と、そんな事を考えながらいつものように影からにゅるっと魔生対に出勤します。
ちなみに、びっくりするからという理由で待機室に直接出勤するのは禁止にされました。
なので、最近だと基本的に無人の会議室に出てから各々の目的地へ移動する感じになってます。
で、学生でもメカでも無い私は基本的に待機室へ直行してだらだらするのが日課なわけなんですが……。
なんか、待機室のドアの前でえっと、忍者の子……。八瀬さんでしたっけ?が部屋の様子を伺いながらまごまごしているのが見えました。

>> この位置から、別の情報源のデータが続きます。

(* Let $f\in L^{N,\infty}(\Omega)$ be non-negative, let $h\colon[0,\infty)\to(0,\infty]$ be continuous with $h(s)>0$ for all $s\ge0$, and let $g\colon\Omega\times[0,\infty)\to[0,\infty)$ be a Carathéodory function. Assume there exist a ball $B$ with $\overline{B}\subset\Omega$, a constant $c>0$ and a function $\kappa\colon[0,\infty)\to[0,\infty)$ with $\lim_{s\to\infty}\kappa(s)=\infty$ such that $f(x)\ge c$ for a.e. $x\in B$ and $g(x,s)\ge\kappa(s)$ for a.e. $x\in B$ and all $s\ge0$. Then there exists $\tilde\lambda>0$ such that for every $\lambda\ge\tilde\lambda$ the problem $$-\Delta_1 u=\lambda h(u)f(x)+g(x,u)\ \text{in }\Omega,\qquad u=0\ \text{on }\partial\Omega$$ has no solution.
   Context: $\Omega\subset\mathbb{R}^N$ ($N\ge 2$) is a bounded open set with Lipschitz boundary, $\nu$ its outward unit normal. $\mathcal{DM}^\infty(\Omega)=\{z\in L^\infty(\Omega)^N:\operatorname{div} z \text{ is a Radon measure with finite total variation in }\Omega\}$. For $z\in\mathcal{DM}^\infty(\Omega)$ and $u\in BV(\Omega)\cap L^\infty(\Omega)$, the pairing $(z,Du)$ is the Radon measure defined by $\langle (z,Du),\varphi\rangle=-\int_\Omega u^*\varphi\operatorname{div}z-\int_\Omega u\,z\cdot\nabla\varphi$ for $\varphi\in C^1_c(\Omega)$, where $u^*$ is the precise representative of $u$. $[z,\nu]\in L^\infty(\partial\Omega)$ denotes Anzellotti's weak trace of the normal component of $z$ on $\partial\Omega$. A solution of $-\Delta_1 u=\lambda h(u)f+g(x,u)$ in $\Omega$, $u=0$ on $\partial\Omega$, is a non-negative $u\in BV(\Omega)\cap L^\infty(\Omega)$ with $h(u)f,\ g(x,u)\in L^1_{\rm loc}(\Omega)$ for which there exists $z\in\mathcal{DM}^\infty(\Omega)$ with $\|z\|_{L^\infty(\Omega)^N}\le1$ such that $-\operatorname{div}z=\lambda h(u)f+g(x,u)$ in $\mathcal{D}'(\Omega)$, $(z,Du)=|Du|$ as measures in $\Omega$, and $u+u[z,\nu]=0$ $\mathcal{H}^{N-1}$-a.e. on $\partial\Omega$. *)

theory Defs
  imports "HOL-Analysis.Analysis"
begin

「どうしました?中にブチギレてるザマさんでも居ました?」
とりあえず、気さくに声をかけてみましょう。
「ひぁっ!ぬぅ、セヴンス殿ですか……。そのぉ、部屋の中に、黒くて大きな蛇がいるのでござるぅ!せっ、拙者、蛇はだめなのでござるよぉ!」
あ、いつもは必死で隠してるござる口調がダダ漏れになってます。
なるほど、焦ると普通に出ちゃうんですねこれ。
というか、魔生対の待機室に居座る黒蛇なんて一人しか思い当たらないですよね。
「あ、それは蛇であって蛇じゃないので大丈夫です。人間に害を……基本的には与えませんから」
シアちゃんが逃げ回ってる現状、ゾンビ関連の話を聞ける相手はイツァナグイしか居ないので会いたかったんですよね。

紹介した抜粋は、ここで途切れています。